Secondary bile acids: an underrecognized cause of colon cancer

Abstract

Bile acids were first proposed as carcinogens in 1939. Since then, accumulated evidence has linked exposure of cells of the gastrointestinal tract to repeated high physiologic levels of bile acids as an important risk factor for gastrointestinal cancers. High exposure to bile acids may occur in a number of settings, but most importantly, is prevalent among individuals who have a high dietary fat intake.

A rapid effect on cells of high bile acid exposure is the generation of reactive oxygen species and reactive nitrogen species, disruption of the cell membrane and mitochondria, induction of DNA damage, mutation and apoptosis, and development of reduced apoptosis capability upon chronic exposure. Here, we review the substantial evidence of the mechanism of secondary bile acids and their role in colon cancer.

Introduction

Bile Acids (BA) are normal components of the lumenal contents of the gastrointestinal (GI) tract, where they enable absorption of lipids, cholesterol, and fat-soluble vitamins. In essence, they act as a physiologic detergent and regulator of intestinal epithelial homeostasis in the gastrointestinal tract[1].

However, BAs, specifically lithocholic acid (LCA) - a secondary BA - also constitute a rare example of toxic endobiotics[2]. In fact, BAs were first proposed as a potential tumor-promoting agent in 1939[3].
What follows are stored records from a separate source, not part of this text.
(* Let $K\subseteq\mathbb{R}^n$ be a proper cone, $b\in\mathbb{R}^n$, and let $A\in\mathbb{R}^{n\times n}$ be $K$-nonnegative and $K$-monotone. Let $A=U-V$ be a $K$-regular splitting and let $U=F-G$ be a $K$-weak regular splitting of type II such that $VF^{-1}G=GF^{-1}V$. Let $s\geq1$ be a fixed number of inner iterations, and set $$T_{s}=(F^{-1}G)^{s}+\sum_{j=0}^{s-1}(F^{-1}G)^{j}F^{-1}V,\qquad P_s^{-1}=\sum_{j=0}^{s-1}(F^{-1}G)^{j}F^{-1}.$$ Let sequences $\{x_k\},\{y_k\}$ be generated by $x_{k+1}=T_sx_k+P_s^{-1}b$ and $y_{k+1}=T_sy_k+P_s^{-1}b$, $k=0,1,2,\ldots$, from initial vectors $x_0,y_0$ satisfying $$x_1\geq_K x_0,\quad y_0\geq_K y_1,\quad y_0\geq_K A^{-1}b\geq_K x_0.$$ Then (i) $y_k\geq_K y_{k+1}\geq_K x_{k+1}\geq_K x_k$ for all $k=0,1,2,\ldots$; (ii) $\lim_{k\to\infty}x_k=A^{-1}b=\lim_{k\to\infty}y_k$ and $y_k\geq_K y_{k+1}\geq_K A^{-1}b\geq_K x_{k+1}\geq_K x_k$ for all $k=0,1,2,\ldots$.
   Context: A proper cone $K\subseteq\mathbb{R}^n$ is a closed, convex, pointed, solid cone. For $M\in\mathbb{R}^{n\times n}$, $M\geq_K 0$ ($M$ is $K$-nonnegative) means $MK\subseteq K$; for vectors, $x\geq_K y$ means $x-y\in K$. A matrix $A$ is $K$-monotone if $A$ is nonsingular and $A^{-1}\geq_K 0$. A splitting $A=U-V$ (with $U$ nonsingular) is $K$-regular if $U^{-1}\geq_K 0$ and $V\geq_K 0$; it is a $K$-weak regular splitting of type II if $U^{-1}\geq_K 0$ and $VU^{-1}\geq_K 0$. *)

theory Defs
  imports "HOL-Analysis.Analysis"
begin

definition proper_cone :: "(real^'n) set \<Rightarrow> bool" where
  "proper_cone K \<longleftrightarrow> cone K \<and> closed K \<and> convex K \<and>
     K \<inter> uminus ` K = {0} \<and> interior K \<noteq> {}"

definition K_nonneg :: "(real^'n) set \<Rightarrow> real^'n^'n \<Rightarrow> bool" where
  "K_nonneg K M \<longleftrightarrow> (\<lambda>x. M *v x) ` K \<subseteq> K"

definition K_ge :: "(real^'n) set \<Rightarrow> real^'n \<Rightarrow> real^'n \<Rightarrow> bool" where
  "K_ge K x y \<longleftrightarrow> x - y \<in> K"

definition K_monotone :: "(real^'n) set \<Rightarrow> real^'n^'n \<Rightarrow> bool" where
  "K_monotone K A \<longleftrightarrow> invertible A \<and> K_nonneg K (matrix_inv A)"

definition K_regular_splitting ::
  "(real^'n) set \<Rightarrow> real^'n^'n \<Rightarrow> real^'n^'n \<Rightarrow> real^'n^'n \<Rightarrow> bool" where
  "K_regular_splitting K A U V \<longleftrightarrow> A = U - V \<and> invertible U \<and>
     K_nonneg K (matrix_inv U) \<and> K_nonneg K V"

definition K_weak_regular_splitting_II ::
  "(real^'n) set \<Rightarrow> real^'n^'n \<Rightarrow> real^'n^'n \<Rightarrow> real^'n^'n \<Rightarrow> bool" where
  "K_weak_regular_splitting_II K A U V \<longleftrightarrow> A = U - V \<and> invertible U \<and>
     K_nonneg K (matrix_inv U) \<and> K_nonneg K (V ** matrix_inv U)"

definition mpow :: "real^'n^'n \<Rightarrow> nat \<Rightarrow> real^'n^'n" where
  "mpow M j = ((\<lambda>X. M ** X) ^^ j) (mat 1)"

end

theory Submission
  imports Defs
begin

(* Write H = F^-1 G, W = G F^-1 and P = P_s^-1 = sum_{j<s} H^j F^-1 = F^-1 sum_{j<s} W^j.
   Telescoping gives P U = I - H^s and U P = I - W^s, hence T_s = I - P A and
   A T_s A^-1 = I - A P = W^s + V P. Thus T_s = A^-1 (W^s + V P) A is K-nonnegative because A is.
   So z -> T_s z + P b is a K-monotone affine map fixing A^-1 b, and the orderings follow by
   induction. Since a proper cone is normal, a K-monotone K-bounded sequence converges, and its
   limit is a fixed point. Two fixed points p >=_K q coincide: P A (p - q) = 0, and for s >= 1 the
   vector A (p - q) in K is dominated by sum_{j<s} W^j A (p - q) = 0, hence zero by pointedness. *)

lemma matrix_inv_right: "invertible A \<Longrightarrow> A ** matrix_inv A = mat 1"
  and matrix_inv_left: "invertible A \<Longrightarrow> matrix_inv A ** A = mat 1"
  for A :: "'a::semiring_1^'n^'n"
  unfolding invertible_def matrix_inv_def by (metis (mono_tags, lifting) someI_ex)+

lemma matrix_add_rdistrib: "(B + C) ** A = B ** A + C ** A"
  for A :: "'a::semiring_1^'p^'n" and B C :: "'a^'n^'m"
  by (vector matrix_matrix_mult_def sum.distrib[symmetric] field_simps)

lemma matrix_diff_rdistrib: "(B - C) ** A = B ** A - C ** A"
  for A :: "'a::ring_1^'p^'n" and B C :: "'a^'n^'m"
  by (vector matrix_matrix_mult_def sum_subtractf[symmetric] field_simps)

lemma matrix_diff_ldistrib: "A ** (B - C) = A ** B - A ** C"
  for A :: "'a::ring_1^'n^'m" and B C :: "'a^'p^'n"
  by (vector matrix_matrix_mult_def sum_subtractf[symmetric] field_simps)

lemma matrix_sum_rdistrib: "(\<Sum>j\<in>S. f j) ** A = (\<Sum>j\<in>S. f j ** A)"
  for A :: "'a::semiring_1^'p^'n" and f :: "'b \<Rightarrow> 'a^'n^'m"
  by (induction S rule: infinite_finite_induct) (simp_all add: matrix_add_rdistrib)

lemma matrix_sum_ldistrib: "A ** (\<Sum>j\<in>S. f j) = (\<Sum>j\<in>S. A ** f j)"
  for A :: "'a::semiring_1^'n^'m" and f :: "'b \<Rightarrow> 'a^'p^'n"
  by (induction S rule: infinite_finite_induct) (simp_all add: matrix_add_ldistrib)

lemma mpow_0 [simp]: "mpow M 0 = mat 1"
  by (simp add: mpow_def)

lemma mpow_Suc [simp]: "mpow M (Suc j) = M ** mpow M j"
  by (simp add: mpow_def)

lemma mpow_intertwine: "M ** X = X ** N \<Longrightarrow> mpow M j ** X = X ** mpow N j"
  by (induction j) (simp_all add: matrix_mul_assoc, metis matrix_mul_assoc)

lemma mpow_commute: "mpow M j ** M = M ** mpow M j"
  by (rule mpow_intertwine) (rule refl)

lemma sum_mpow_telescope_left: "(mat 1 - M) ** (\<Sum>j<s. mpow M j) = mat 1 - mpow M s"
proof -
  have "(mat 1 - M) ** (\<Sum>j<s. mpow M j) = (\<Sum>j<s. mpow M j - mpow M (Suc j))"
    by (simp add: matrix_sum_ldistrib matrix_diff_rdistrib)
  also have "\<dots> = mat 1 - mpow M s"
    using sum_lessThan_telescope'[of "mpow M" s] by simp
  finally show ?thesis .
qed

lemma sum_mpow_telescope_right: "(\<Sum>j<s. mpow M j) ** (mat 1 - M) = mat 1 - mpow M s"
proof -
  have "(\<Sum>j<s. mpow M j) ** (mat 1 - M) = (\<Sum>j<s. mpow M j - mpow M (Suc j))"
    by (simp add: matrix_sum_rdistrib matrix_diff_ldistrib mpow_commute)
      (rule sum_subtractf[symmetric])
  also have "\<dots> = mat 1 - mpow M s"
    using sum_lessThan_telescope'[of "mpow M" s] by simp
  finally show ?thesis .
qed

lemma K_nonneg_apply: "K_nonneg K M \<Longrightarrow> x \<in> K \<Longrightarrow> M *v x \<in> K"
  unfolding K_nonneg_def by blast

lemma K_nonneg_mult: "K_nonneg K M \<Longrightarrow> K_nonneg K N \<Longrightarrow> K_nonneg K (M ** N)"
  unfolding K_nonneg_def by (auto simp: matrix_vector_mul_assoc[symmetric])

lemma K_nonneg_mat_1: "K_nonneg K (mat 1)"
  unfolding K_nonneg_def by auto

lemma K_nonneg_mpow: "K_nonneg K M \<Longrightarrow> K_nonneg K (mpow M j)"
  by (induction j) (simp_all add: K_nonneg_mat_1 K_nonneg_mult)

lemma K_ge_mult: "K_nonneg K M \<Longrightarrow> K_ge K x y \<Longrightarrow> K_ge K (M *v x) (M *v y)"
  unfolding K_ge_def by (metis K_nonneg_apply matrix_vector_mult_diff_distrib)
At high physiologic concentrations, BAs can cause oxidative/nitrosative stress, DNA damage, apoptosis, and mutation[4]. Furthermore, frequently repeated and prolonged exposure of tissues to high physiological levels of BAs can lead to the generation of genomic instability, development of apoptosis resistance and, ultimately, cancer[4].
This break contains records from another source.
(* Let $\psi:\mathcal T\to\mathbb S^{d_\psi}_+$ satisfy $\mathrm{tr}(\psi(\tau))\le D$ for all $\tau$. Run policies $\pi_1,\dots,\pi_T$ for $T$ episodes, where each $\pi_t$ may depend on the trajectories of episodes $1,\dots,t-1$, obtaining $\Sigma_T:=\sum_{t=1}^T\psi(\tau_t)$; then rerun each of $\pi_1,\dots,\pi_T$ once more (in fresh independent episodes), obtaining $\widetilde\Sigma_T:=\sum_{t=1}^T\psi(\widetilde\tau_t)$. Then with probability at least $1-\delta$ the following holds: if $\lambda_{\min}(\Sigma_T)\ge 12544\,Dd_\psi\log\frac{2+32T}{\delta}$, then $\lambda_{\min}(\widetilde\Sigma_T)\ge\frac12\lambda_{\min}(\Sigma_T)$ and $\lambda_{\min}\big(\sum_{t=1}^T\Gamma_{\pi_t}\big)\ge\frac12\lambda_{\min}(\Sigma_T)$.
   Context: General system: for $h=1,\dots,H$, $x_{h+1}=f_h(x_h,u_h,w_h)$ with states in $\mathcal X\subseteq\mathbb R^{d_x}$, inputs in $\mathcal U\subseteq\mathbb R^{d_u}$, independent noise $w_h$ and arbitrary (unknown) dynamics $f_h$; each episode starts from a fixed state. $\mathcal T$ is the set of trajectories $\tau=(x_1,u_1,\dots,x_H,u_H,x_{H+1})$. A policy chooses each $u_h$ (possibly at random) from the past of the episode. $\mathbb S_+^{d}$ is the set of $d\times d$ PSD matrices. For a policy $\pi$, $\Gamma_\pi:=\mathbb E_\pi[\psi(\tau)]$, the expectation over one episode's trajectory under $\pi$. *)

theory Defs
  imports "HOL-Probability.Probability"
begin

definition psd :: "real^'d^'d \<Rightarrow> bool" where
  "psd A \<longleftrightarrow> transpose A = A \<and> (\<forall>x. 0 \<le> x \<bullet> (A *v x))"

text \<open>Smallest (real) eigenvalue of a matrix; used only for symmetric matrices.\<close>
definition lambda_min :: "real^'d^'d \<Rightarrow> real" where
  "lambda_min A = Min {c. \<exists>v. v \<noteq> 0 \<and> A *v v = c *s v}"

text \<open>Gamma_pi = E_pi[psi(tau)], where law p is the distribution of one episode's
  trajectory under policy p.\<close>
definition Gamma :: "('p \<Rightarrow> 't measure) \<Rightarrow> ('t \<Rightarrow> real^'d^'d) \<Rightarrow> 'p \<Rightarrow> real^'d^'d" where
  "Gamma law psi p = integral\<^sup>L (law p) psi"

definition hist :: "(nat \<Rightarrow> 't \<times> 't) \<Rightarrow> nat \<Rightarrow> (nat \<Rightarrow> 't)" where
  "hist h n = (\<lambda>s\<in>{..<n}. fst (h s))"

text \<open>Joint law of ((tau_0, tau~_0), ..., (tau_{n-1}, tau~_{n-1})): in episode t the
  policy pol t (hist) is chosen from the previous original trajectories, tau_t is drawn
  from its trajectory law, and a fresh independent rerun tau~_t is drawn from the same law.\<close>
fun joint :: "'t measure \<Rightarrow> ('p \<Rightarrow> 't measure) \<Rightarrow> (nat \<Rightarrow> (nat \<Rightarrow> 't) \<Rightarrow> 'p) \<Rightarrow> nat
    \<Rightarrow> (nat \<Rightarrow> 't \<times> 't) measure" where
  "joint Tr law pol 0 = return (PiM {} (\<lambda>_. Tr \<Otimes>\<^sub>M Tr)) (\<lambda>_. undefined)"
| "joint Tr law pol (Suc n) =
     joint Tr law pol n \<bind> (\<lambda>h. distr (law (pol n (hist h n)) \<Otimes>\<^sub>M law (pol n (hist h n)))
        (PiM {..<Suc n} (\<lambda>_. Tr \<Otimes>\<^sub>M Tr)) (\<lambda>ab. h(n := ab)))"
(* The term rewriting system $\mathcal{R}=(\Sigma,V,\geq_s,\Delta)$ described in the context is terminating: for every term $\tau\in T[\Sigma,V]$, every sequence of rewriting steps starting from $\tau$ is finite.
   Context: $\mathbb{F}=\mathbb{GF}(2^n)$. Signature $\Sigma=\mathbb{F}\cup\{\oplus,\otimes,f_1,\dots,f_t\}$: elements of $\mathbb{F}$ are constants, $\oplus,\otimes$ binary (field addition and multiplication), $f_1,\dots,f_t$ unary symbols for affine transformations, each $f$ having an associated affine constant $c_f\in\mathbb{F}$. $V$ is a set of variables, $\Sigma\cap V=\emptyset$, and $\geq_s$ is a total order on $V\uplus\Sigma$. Terms $T[\Sigma,V]$: smallest set containing $\mathbb{F}\cup V$ and closed under $\oplus$, $\otimes$, $f_j$; $T_{\backslash\oplus}(\Sigma,V)$ = terms not using $\oplus$. A factor is a term in $\mathbb{F}\cup V$ or of the form $f_i(\tau')$ with $\tau'\in T_{\backslash\oplus}(\Sigma,V)$; a monomial is a product $\alpha_1\otimes\cdots\otimes\alpha_k$ ($k\ge1$) of nonzero factors (sums and products treated as flat sequences). Factor order $\geq_l$: $\alpha\geq_l\alpha'$ iff (i) $\alpha,\alpha'\in\mathbb{F}\cup V$ and $\alpha\geq_s\alpha'$; or (ii) $\alpha=f(\tau)$, $\alpha'=f'(\tau')$ with $f\geq_s f'$, or $f=f'$ and $\tau\geq_p\tau'$; or (iii) $\alpha=f(\tau)$ and $f\geq_s\alpha'$, or $\alpha'=f(\tau)$ and $\alpha\geq_s f$. Monomial order $\geq_p$: lexicographic comparison (w.r.t. $\geq_l$) of the factor sequences sorted in descending $\geq_l$-order. Rules $\Delta$ (with $\tau,\tau_1,\tau_2$ terms, $m_i$ monomials, $\alpha_i$ factors, $f$ an affine symbol with constant $c$): R1: $m_1\oplus\cdots\oplus m_k\mapsto m'_1\oplus\cdots\oplus m'_k$ where $(m'_1,\dots,m'_k)={\tt sort}_{\geq_p}(m_1,\dots,m_k)\neq(m_1,\dots,m_k)$; R2: $\alpha_1\cdots\alpha_k\mapsto\alpha'_1\cdots\alpha'_k$ where $(\alpha'_1,\dots,\alpha'_k)={\tt sort}_{\geq_l}(\alpha_1,\dots,\alpha_k)\neq(\alpha_1,\dots,\alpha_k)$; R3: $\tau\oplus\tau\mapsto0$; R4: $\tau\otimes0\mapsto0$; R5: $0\otimes\tau\mapsto0$; R6: $\tau\oplus0\mapsto\tau$; R7: $0\oplus\tau\mapsto\tau$; R8: $\tau\otimes1\mapsto\tau$; R9: $1\otimes\tau\mapsto\tau$; R10: $(\tau_1\oplus\tau_2)\otimes\tau\mapsto(\tau_1\otimes\tau)\oplus(\tau_2\otimes\tau)$; R11: $\tau\otimes(\tau_1\oplus\tau_2)\mapsto(\tau\otimes\tau_1)\oplus(\tau\otimes\tau_2)$; R12: $f(\tau_1\oplus\tau_2)\mapsto f(\tau_1)\oplus f(\tau_2)\oplus c$; R13: $f(0)\mapsto c$. A rewriting step replaces one occurrence of a subterm matching a left-hand side by the corresponding right-hand side. *)

theory Defs
  imports Main
begin

text \<open>Terms over the signature: field constants, variables, binary addition and
multiplication, and unary affine symbols.\<close>
datatype ('c, 'v, 'f) trm =
    Cst 'c | Var 'v | Add "('c, 'v, 'f) trm" "('c, 'v, 'f) trm"
  | Mul "('c, 'v, 'f) trm" "('c, 'v, 'f) trm" | Fn 'f "('c, 'v, 'f) trm"

text \<open>The symbols of V disjoint-union Sigma, on which the total order is given.\<close>
datatype ('c, 'v, 'f) sym = SCst 'c | SVar 'v | SAdd | SMul | SFn 'f

fun sym_of :: "('c, 'v, 'f) trm \<Rightarrow> ('c, 'v, 'f) sym" where
  "sym_of (Cst c) = SCst c"
| "sym_of (Var v) = SVar v"
| "sym_of (Add _ _) = SAdd"
| "sym_of (Mul _ _) = SMul"
| "sym_of (Fn f _) = SFn f"

fun is_atom :: "('c, 'v, 'f) trm \<Rightarrow> bool" where
  "is_atom (Cst _) = True"
| "is_atom (Var _) = True"
| "is_atom _ = False"

text \<open>Flat views of sums and products (sums/products are flat sequences).\<close>
fun sum_leaves :: "('c, 'v, 'f) trm \<Rightarrow> ('c, 'v, 'f) trm list" where
  "sum_leaves (Add a b) = sum_leaves a @ sum_leaves b"
| "sum_leaves t = [t]"

fun prod_leaves :: "('c, 'v, 'f) trm \<Rightarrow> ('c, 'v, 'f) trm list" where
  "prod_leaves (Mul a b) = prod_leaves a @ prod_leaves b"
| "prod_leaves t = [t]"

fun mk_add :: "('c::zero, 'v, 'f) trm list \<Rightarrow> ('c, 'v, 'f) trm" where
  "mk_add [] = Cst 0"
| "mk_add [x] = x"
| "mk_add (x # xs) = Add x (mk_add xs)"

fun mk_mul :: "('c::one, 'v, 'f) trm list \<Rightarrow> ('c, 'v, 'f) trm" where
  "mk_mul [] = Cst 1"
| "mk_mul [x] = x"
| "mk_mul (x # xs) = Mul x (mk_mul xs)"

fun no_add :: "('c, 'v, 'f) trm \<Rightarrow> bool" where
  "no_add (Cst _) = True"
| "no_add (Var _) = True"
| "no_add (Add _ _) = False"
| "no_add (Mul a b) = (no_add a \<and> no_add b)"
| "no_add (Fn _ t) = no_add t"

fun is_factor :: "('c, 'v, 'f) trm \<Rightarrow> bool" where
  "is_factor (Cst _) = True"
| "is_factor (Var _) = True"
| "is_factor (Fn _ t) = no_add t"
| "is_factor _ = False"

definition is_monomial :: "('c::zero, 'v, 'f) trm \<Rightarrow> bool" where
  "is_monomial t \<longleftrightarrow> (\<forall>a \<in> set (prod_leaves t). is_factor a \<and> a \<noteq> Cst 0)"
And since BAs are normal components of the luminal contents of the GI tract, finding the exact mechanism of their carcinogenic effect has become intriguing. Several factors have been found to increase levels of BAs: most importantly, a high dietary fat intake.
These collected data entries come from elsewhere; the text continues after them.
definition prod_tree :: "real \<Rightarrow> (nat \<Rightarrow> real) \<Rightarrow> (nat \<Rightarrow> nat \<Rightarrow> real) \<Rightarrow> nat \<Rightarrow> nat list \<Rightarrow> real" where
  "prod_tree r a c s l = r * a (s + length l) * (\<Prod>t<length l. c (s + t) (l ! t))"

lemma prod_tree_Nil: "prod_tree r a c s [] = r * a s"
  by (simp add: prod_tree_def)

lemma subtree_prod_tree: "subtree n (prod_tree r a c s) = prod_tree (r * c s n) a c (Suc s)"
  unfolding subtree_def prod_tree_def fun_eq_iff
  by (simp only: length_Cons prod.lessThan_Suc_shift) simp

lemma Xnorm_prod_tree:
  assumes p: "0 < p" and q: "1 \<le> q" and c: "\<forall>t. lp_sphere p (c t)"
  shows "Xnorm p q K (prod_tree r a c s) = \<bar>r\<bar> * lq_seg q a K s"
proof (induction K arbitrary: r s)
  case (Suc K)
  define X where "X = \<bar>r\<bar> * lq_seg q a K (Suc s)"
  have X: "0 \<le> X" by (simp add: X_def lq_seg_nonneg)
  have "(\<lambda>n. Xnorm p q K (subtree n (prod_tree r a c s)) powr p) = (\<lambda>n. X powr p * \<bar>c s n\<bar> powr p)"
    using Suc X by (simp add: subtree_prod_tree X_def abs_mult powr_mult mult_ac)
  moreover have "(\<lambda>n. X powr p * \<bar>c s n\<bar> powr p) sums (X powr p)"
    using sums_mult[OF c[rule_format, of s, unfolded lp_sphere_def], of "X powr p"] by simp
  ultimately have "(\<Sum>n. Xnorm p q K (subtree n (prod_tree r a c s)) powr p) powr (1 / p) = X"
    using p X by (simp add: sums_iff powr_powr)
  then show ?case
    using qcomb_mult[OF q, of "\<bar>r\<bar>" "\<bar>a s\<bar>" "lq_seg q a K (Suc s)"]
    by (simp add: prod_tree_Nil abs_mult X_def lq_seg_nonneg)
qed (simp add: prod_tree_Nil abs_mult)

lemma Xmem_prod_tree:
  assumes p: "0 < p" and q: "1 \<le> q" and c: "\<forall>t. lp_sphere p (c t)"
    and a: "\<And>d. s + K < d \<Longrightarrow> a d = 0"
  shows "Xmem p q K (prod_tree r a c s)"
  using a
proof (induction K arbitrary: r s)
  case (Suc K)
  have "(\<lambda>n. Xnorm p q K (subtree n (prod_tree r a c s)) powr p)
      = (\<lambda>n. (\<bar>r\<bar> * lq_seg q a K (Suc s)) powr p * \<bar>c s n\<bar> powr p)"
    by (simp add: subtree_prod_tree Xnorm_prod_tree[OF p q c] abs_mult powr_mult mult_ac lq_seg_nonneg)
  moreover have "summable (\<lambda>n. \<bar>c s n\<bar> powr p)"
    using c by (auto simp: lp_sphere_def sums_iff)
  ultimately show ?case
    using Suc by (simp add: subtree_prod_tree summable_mult)
qed (simp add: prod_tree_def)

definition single_component :: "nat \<Rightarrow> (nat list \<Rightarrow> real) \<Rightarrow> vec" where
  "single_component k T = (\<lambda>j. if j = k then T else (\<lambda>l. 0))"

lemma Xnorm_zero: "Xnorm p q j (\<lambda>l. 0) = 0"
  by (induction j) (simp_all add: subtree_def qcomb_def)

lemma Xmem_zero: "Xmem p q j (\<lambda>l. 0)"
  by (induction j) (simp_all add: subtree_def Xnorm_zero)

lemma Xnorm_nonneg: "0 \<le> Xnorm p q j x"
  by (cases j) (simp_all add: qcomb_nonneg)

lemma Xnorm_single_component_sums:
  "(\<lambda>j. Xnorm p q j (single_component k T j) powr p) sums (Xnorm p q k T powr p)"
proof -
  have "(\<lambda>j. Xnorm p q j (single_component k T j) powr p) = (\<lambda>j. if j = k then Xnorm p q k T powr p else 0)"
    by (simp add: fun_eq_iff single_component_def Xnorm_zero)
  then show ?thesis using sums_single[of k "\<lambda>_. Xnorm p q k T powr p"] by simp
qed

lemma Xomega_norm_single_component:
  "0 < p \<Longrightarrow> Xomega_norm p q (single_component k T) = Xnorm p q k T"
  using Xnorm_single_component_sums Xnorm_nonneg
  by (simp add: Xomega_norm_def sums_iff powr_powr)

lemma single_component_in_Xomega:
  "Xmem p q k T \<Longrightarrow> single_component k T \<in> Xomega p q"
  using Xnorm_single_component_sums
  by (auto simp: Xomega_def single_component_def Xmem_zero sums_iff)

definition tree_basis :: "nat \<Rightarrow> (nat \<Rightarrow> nat \<Rightarrow> real) \<Rightarrow> nat \<Rightarrow> vec" where
  "tree_basis k c i = single_component k (prod_tree 1 (lift k (unit_vec i)) c 0)"

lemma tree_basis_apply:
  assumes "i < k"
  shows "tree_basis k c i j l =
    (if j = k \<and> length l = Suc i then (\<Prod>t<i. c t (l ! t)) * c i (l ! i) else 0)"
  using assms by (auto simp: tree_basis_def single_component_def prod_tree_def lift_def unit_vec_def)

lemma tree_basis_fun_upd_later:
  assumes "i < k" "i < j"
  shows "tree_basis k (c(j := e)) i = tree_basis k c i"
  using assms by (simp add: fun_eq_iff tree_basis_apply)

lemma tree_basis_in_Xomega:
  assumes "0 < p" "1 \<le> q" "\<forall>t. lp_sphere p (c t)"
  shows "tree_basis k c i \<in> Xomega p q"
  unfolding tree_basis_def
  by (intro single_component_in_Xomega Xmem_prod_tree[OF assms]) (simp add: lift_def)

lemma vsum_tree_basis:
  "vsum k (\<lambda>i. vscale (a i) (tree_basis k c i)) = single_component k (prod_tree 1 (lift k a) c 0)"
proof -
  have "(\<Sum>i<k. a i * lift k (unit_vec i) d) = lift k a d" for d
    by (auto simp: lift_def unit_vec_def if_distrib[of "\<lambda>x. a _ * x"] cong: if_cong)
  then show ?thesis
    by (simp add: fun_eq_iff vsum_def vscale_def tree_basis_def single_component_def prod_tree_def
        flip: sum_distrib_right mult.assoc)
qed

lemma Xomega_norm_vsum_tree_basis:
  assumes "0 < p" "1 \<le> q" "\<forall>t. lp_sphere p (c t)"
  shows "Xomega_norm p q (vsum k (\<lambda>i. vscale (a i) (tree_basis k c i))) = lq_norm q k a"
  by (simp add: vsum_tree_basis Xomega_norm_single_component Xnorm_prod_tree
      lq_norm_eq_lq_seg_lift assms)

lemma Xomega_norm_tree_basis:
  assumes "0 < p" "1 \<le> q" "\<forall>t. lp_sphere p (c t)" "i < k"
  shows "Xomega_norm p q (tree_basis k c i) = 1"
proof -
  have "tree_basis k c i = vsum k (\<lambda>i'. vscale (unit_vec i i') (tree_basis k c i'))"
    unfolding vsum_tree_basis by (simp add: tree_basis_def)
  then show ?thesis
    using Xomega_norm_vsum_tree_basis[OF assms(1-3)] lq_norm_unit_vec[OF assms(2,4)] by simp
qed

lemma tree_basis_level_combination:
  assumes "i < k"
  shows "(\<lambda>j l. \<Sum>n\<in>J. d n * tree_basis k (c(i := e n)) i j l)
    = tree_basis k (c(i := \<lambda>m. \<Sum>n\<in>J. d n * e n m)) i"
proof (intro ext)
  fix j l
  have "(\<Prod>t<i. (c(i := f)) t (l ! t)) = (\<Prod>t<i. c t (l ! t))" for f
    by (rule prod.cong) auto
  then show "(\<Sum>n\<in>J. d n * tree_basis k (c(i := e n)) i j l)
      = tree_basis k (c(i := \<lambda>m. \<Sum>n\<in>J. d n * e n m)) i j l"
    using assms
    by (cases "j = k \<and> length l = Suc i") (auto simp: tree_basis_apply sum_distrib_left sum_distrib_right mult_ac)
qed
Our aim is to explain the correlation between the concentration of fecal secondary BAs -mainly deoxycholic acid (DOC) and LCA - and the colorectal cancer incidence that was highlighted by several epidemiological studies but whose molecular mechanism remain far from clear.

Furthermore, BAs were also found to be etiologic agents of other GI tract cancers, namely that of the esophagus[5], stomach[6], small intestine[7], liver[8], pancreas[9] and biliary tract[10].

Review

Biochemistry and physiology of secondary bile acids in the body

Primary BAs (cholic acid and chenodeoxycholic acid) are derived from cholesterol by a sequence of enzymatic reactions occurring mainly in the liver. Synthesis of a full complement of BAs requires 17 individual enzymes and occurs in multiple intracellular compartments that include the cytosol, endoplasmic reticulum (ER), mitochondria, and peroxisomes[11]. After synthesis, these BAs are conjugated with glycine or taurine and then excreted and stored in the gall bladder. In humans, BAs are largely re-absorbed in the terminal ileum by an active transport mechanism, but less than 5% of the BA pool enters the colon per day[12]. The BAs that enter the colon are metabolized by bacterial flora, where the primary BAs (cholic and chenodeoxycholic acid) are converted into the secondary BAs, DOC and LCA, respectively.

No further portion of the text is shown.